Robust Neuritogenesis-Promoting Activity by Bis(heptyl)-Cognitin Through the Activation of alpha7-Nicotinic Acetylcholine Receptor/ERK Pathway.

AIMS: Neurodegenerative disorders are caused by progressive neuronal loss in the brain, and hence, compounds that could promote neuritogenesis may have therapeutic values.
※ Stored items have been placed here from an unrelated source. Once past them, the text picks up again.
definition lquot :: "letter \<Rightarrow> 'a::zero vv \<Rightarrow> 'a vv" where
  "lquot a f = Abs_poly_mapping (\<lambda>w. Poly_Mapping.lookup f (a # w))"

lemma lookup_lquot [simp]: "Poly_Mapping.lookup (lquot a f) w = Poly_Mapping.lookup f (a # w)"
proof -
  have "{w. Poly_Mapping.lookup f (a # w) \<noteq> 0} = Cons a -` {v. Poly_Mapping.lookup f v \<noteq> 0}"
    by auto
  then have "finite {w. Poly_Mapping.lookup f (a # w) \<noteq> 0}"
    by (metis finite_lookup finite_vimageI inj_on_Cons1)
  then show ?thesis by (simp add: lquot_def)
qed

definition pairing :: "'a::comm_semiring_0 vv \<Rightarrow> (word \<Rightarrow> 'a) \<Rightarrow> 'a" where
  "pairing f \<phi> = (\<Sum>u\<in>Poly_Mapping.keys f. Poly_Mapping.lookup f u * \<phi> u)"

lemma pairing_superset:
  assumes "finite S" "Poly_Mapping.keys f \<subseteq> S"
  shows "pairing f \<phi> = (\<Sum>u\<in>S. Poly_Mapping.lookup f u * \<phi> u)"
  unfolding pairing_def using assms by (intro sum.mono_neutral_left) (auto simp: in_keys_iff)

lemma pairing_add: "pairing f (\<lambda>u. \<phi> u + \<psi> u) = pairing f \<phi> + pairing f \<psi>"
  by (simp add: pairing_def sum.distrib algebra_simps)

lemma pairing_cmult: "pairing f (\<lambda>u. c * \<phi> u) = c * pairing f \<phi>"
  by (simp add: pairing_def sum_distrib_left algebra_simps)

lemma pairing_cong:
  "(\<And>u. u \<in> Poly_Mapping.keys f \<Longrightarrow> \<phi> u = \<psi> u) \<Longrightarrow> pairing f \<phi> = pairing f \<psi>"
  by (simp add: pairing_def)

lemma pairing_zero_fun [simp]: "pairing f (\<lambda>u. 0) = 0"
  by (simp add: pairing_def)

lemma pairing_zero [simp]: "pairing 0 \<phi> = 0"
  by (simp add: pairing_def)

lemma pairing_smul [simp]: "pairing (smul c f) \<phi> = c * pairing f \<phi>"
proof -
  have "pairing (smul c f) \<phi> = (\<Sum>u\<in>Poly_Mapping.keys f. Poly_Mapping.lookup (smul c f) u * \<phi> u)"
    by (rule pairing_superset) (auto simp: in_keys_iff)
  then show ?thesis by (simp add: pairing_def sum_distrib_left algebra_simps)
qed
text \<open>The class of the position mod \<open>L\<^sub>i\<close> is \<open>c\<close> times the generator; each copy of \<open>gen i\<close>
  raises \<open>c\<close> by one, and \<open>r'\<close> more raises reach a multiple of \<open>p\<close>.\<close>

lemma join_copies_wins:
  assumes "i < N" and moves: "\<forall>w\<in>set ws. level i w" and wins: "wins_from i ws"
  shows "\<forall>t::nat. ks t < n \<Longrightarrow> level (Suc i) u \<Longrightarrow> level i (\<lambda>l. u l - c * gen i l) \<Longrightarrow>
    r' \<le> r \<Longrightarrow> int p dvd c + int r' \<Longrightarrow>
    \<exists>t\<le>length (join_copies ws (gen i) r). level 0 (int_game_state n (join_copies ws (gen i) r) ks u t)"
proof (induction r arbitrary: u ks c r')
  case (0 u ks c r')
  then have "level i u" using level_of_dvd_coeff[OF \<open>i < N\<close>] by simp
  with 0 wins show ?case unfolding wins_from_def by simp
next
  case (Suc r u ks c r')
  show ?case
  proof (cases r')
    case 0
    then have "level i u" using Suc.prems level_of_dvd_coeff[OF \<open>i < N\<close>] by simp
    have "wins_from i (join_copies ws (gen i) (Suc r))"
      using wins_from_append[OF wins, of "gen i # join_copies ws (gen i) r"] by simp
    with \<open>level i u\<close> Suc.prems(1) show ?thesis unfolding wins_from_def by blast
  next
    case (Suc r'')
    define g where "g = gen i"
    define e where "e = int_game_state n ws ks u (length ws)"
    define s' where "s' = int_game_state n (ws @ [g]) ks u (length (ws @ [g]))"
    have e: "level (Suc i) e" "level i (\<lambda>l. e l - u l)"
      using int_game_state_level_drift[OF \<open>i < N\<close> moves] Suc.prems(1,2) unfolding e_def by auto
    have s'_eq: "s' = rotate_int n (ks (length ws)) (\<lambda>l. e l + g l)"
      using int_game_state_append_prefix[of "length ws" ws n "[g]" ks u]
      unfolding s'_def e_def by simp
    have eg: "level (Suc i) (\<lambda>l. e l + g l)"
      using level_add[OF e(1) level_gen[OF \<open>i < N\<close>]] unfolding g_def .
    have d: "level i (\<lambda>l. s' l - (e l + g l))"
      using level_rotate_diff[OF \<open>i < N\<close> Suc.prems(1)[rule_format] eg] s'_eq by simp
    have s': "level (Suc i) s'"
      using level_add[OF level_Suc[OF d] eg] by simp
    have "level i (\<lambda>l. (s' l - (e l + g l)) + ((e l - u l) + (u l - c * g l)))"
      using level_add[OF d level_add[OF e(2) Suc.prems(3)[folded g_def]]] .
    then have c': "level i (\<lambda>l. s' l - (c + 1) * gen i l)"
      by (simp add: algebra_simps g_def)
    define ks' where "ks' = (\<lambda>t. ks (length (ws @ [g]) + t))"
    have "\<forall>t. ks' t < n" "r'' \<le> r" "int p dvd (c + 1) + int r''"
      using Suc.prems(1,4,5) \<open>r' = Suc r''\<close> by (auto simp: ks'_def algebra_simps)
    then obtain t where t: "t \<le> length (join_copies ws g r)"
        "level 0 (int_game_state n (join_copies ws g r) ks' s' t)"
      using Suc.IH[OF _ s' c'] unfolding g_def by blast
    have "join_copies ws g (Suc r) = (ws @ [g]) @ join_copies ws g r" by simp
    then have "int_game_state n (join_copies ws g (Suc r)) ks u (length (ws @ [g]) + t) =
        int_game_state n (join_copies ws g r) ks' s' t"
      unfolding s'_def ks'_def by (simp only: int_game_state_append_suffix)
    then have "level 0 (int_game_state n (join_copies ws g (Suc r)) ks u (length (ws @ [g]) + t))"
      using t(2) by (simp only:)
    moreover have "length (ws @ [g]) + t \<le> length (join_copies ws g (Suc r))"
      using t(1) by (simp add: length_join_copies)
    ultimately have "\<exists>t'\<le>length (join_copies ws g (Suc r)).
        level 0 (int_game_state n (join_copies ws g (Suc r)) ks u t')"
      by (intro exI[of _ "length (ws @ [g]) + t"] conjI)
    then show ?thesis by (simp only: g_def)
  qed
qed
(* Let $\Sigma^2\subset\mathbb{R}^2$ be open and let $\psi=(x,\phi):\Sigma^2\to\mathbb{R}^2\times\mathbb{R}$ be an indefinite improper affine sphere with Blaschke normal $\xi=(0,0,1)$, where $x:\Sigma^2\to\mathbb{R}^2$, $\phi:\Sigma^2\to\mathbb{R}$; write its conormal map as $\nu=(n,1)$ with $n:\Sigma^2\to\mathbb{R}^2$. Define $\tilde L_\psi:\Sigma^2\to\widetilde{\mathbb{C}}^2$ by $\tilde L_\psi:=x+jn$, and identify $\widetilde{\mathbb{C}}^2$ with $\mathbb{R}^4$ via $(z_1,z_2)=(y_0+jy_1,\,y_2+jy_3)\leftrightarrow(y_0,y_1,y_2,y_3)$. Then \[ \tilde L_\psi^*(dy_0\wedge dy_1+dy_2\wedge dy_3)=0\quad\text{and}\quad \tilde L_\psi^*(dy_0\wedge dy_2+dy_1\wedge dy_3)=0 . \]
   Context: Para-complex numbers: $\widetilde{\mathbb{C}}=\{a+jb: a,b\in\mathbb{R}\}$ with $j^2=1$. An improper affine sphere is an immersion $\psi$ into affine $3$-space whose Blaschke (affine) normal $\xi$ has vanishing shape operator (hence is constant; here normalized to $\xi=(0,0,1)$); it is indefinite if its affine metric is indefinite. The conormal map $\nu$ is the map into $(\mathbb{R}^3)^*\cong\mathbb{R}^3$ with $\nu(d\psi)=0$ and $\nu(\xi)=1$, so $\nu=(n,1)$ for some $n:\Sigma^2\to\mathbb{R}^2$; the affine metric equals $-\langle dx,dn\rangle$. *)

theory Defs
  imports "HOL-Analysis.Analysis"
begin
(* Let $k\in\,]0,2]$. Then the functional $$f\mapsto\Psi(f)=\int_{\mathbb R^3}\int_{\mathbb R^3}e^{\lambda_f}\chi(f)\,dx\,dv$$ is convex (on the convex set of measurable spherically symmetric $f\ge0$ with finite mass for which $2m_f(r)/r<1$ for all $r>0$).
   Context: $\chi(s)=\frac{k}{k+1}s^{1+1/k}$. A measurable $f\ge0$ on $\mathbb R^3\times\mathbb R^3$ is spherically symmetric if $f(Ax,Av)=f(x,v)$ for all $A\in SO(3)$. Its mass is $\int\int\sqrt{1+|v|^2}f\,dx\,dv$, its mass function $m_f(r)=\int_{|x|\le r}\int\sqrt{1+|v|^2}f\,dx\,dv$, and $\lambda_f$ is defined by $e^{-2\lambda_f(r)}=1-\frac{2m_f(r)}{r}$, evaluated at $r=|x|$. *)

theory Defs
  imports "HOL-Analysis.Analysis"
begin

type_synonym phase_fn = "real^3 \<Rightarrow> real^3 \<Rightarrow> real"

definition chi :: "real \<Rightarrow> real \<Rightarrow> real" where
  "chi k s = k / (k + 1) * s powr (1 + 1 / k)"

definition SO3 :: "(real^3^3) set" where
  "SO3 = {A. orthogonal_matrix A \<and> det A = 1}"

definition spherically_symmetric :: "phase_fn \<Rightarrow> bool" where
  "spherically_symmetric f \<longleftrightarrow> (\<forall>A\<in>SO3. \<forall>x v. f (A *v x) (A *v v) = f x v)"

definition mass :: "phase_fn \<Rightarrow> ennreal" where
  "mass f = (\<integral>\<^sup>+ p. ennreal (sqrt (1 + (norm (snd p))\<^sup>2) * f (fst p) (snd p)) \<partial>lebesgue)"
In this study, the effects of bis(heptyl)-cognitin (B7C), a multifunctional dimer, on neurite outgrowth were investigated in both PC12 cells and primary cortical neurons. METHODS: Immunocytochemical staining was used to evaluate the proneuritogenesis effects, and Western blot and short hairpin RNA assays were applied to explore the underlying mechanisms. RESULTS: B7C (0.1-0.5 µM) induced robust neurite outgrowth in PC12 cells, as evidenced by the neurite-bearing morphology and upregulation of growth-associated protein-43 expression. In addition, B7C markedly promoted neurite outgrowth in primary cortical neurons as shown by the increase in the length of ß-III-tubulin-positive neurites. Furthermore, B7C rapidly increased ERK phosphorylation. Specific inhibitors of alpha7-nicotinic acetylcholine receptor (α7-nAChR) and MEK, but not those of p38 or JNK, blocked the neurite outgrowth as well as ERK phosphorylation induced by B7C. Most importantly, genetic depletion of α7-nAChR significantly abolished B7C-induced neurite outgrowth in PC12 cells. CONCLUSION: B7C promoted neurite outgrowth through the activation of α7-nAChR/ERK pathway, which offers novel insight into the potential application of B7C in the treatment of neurodegenerative disorders.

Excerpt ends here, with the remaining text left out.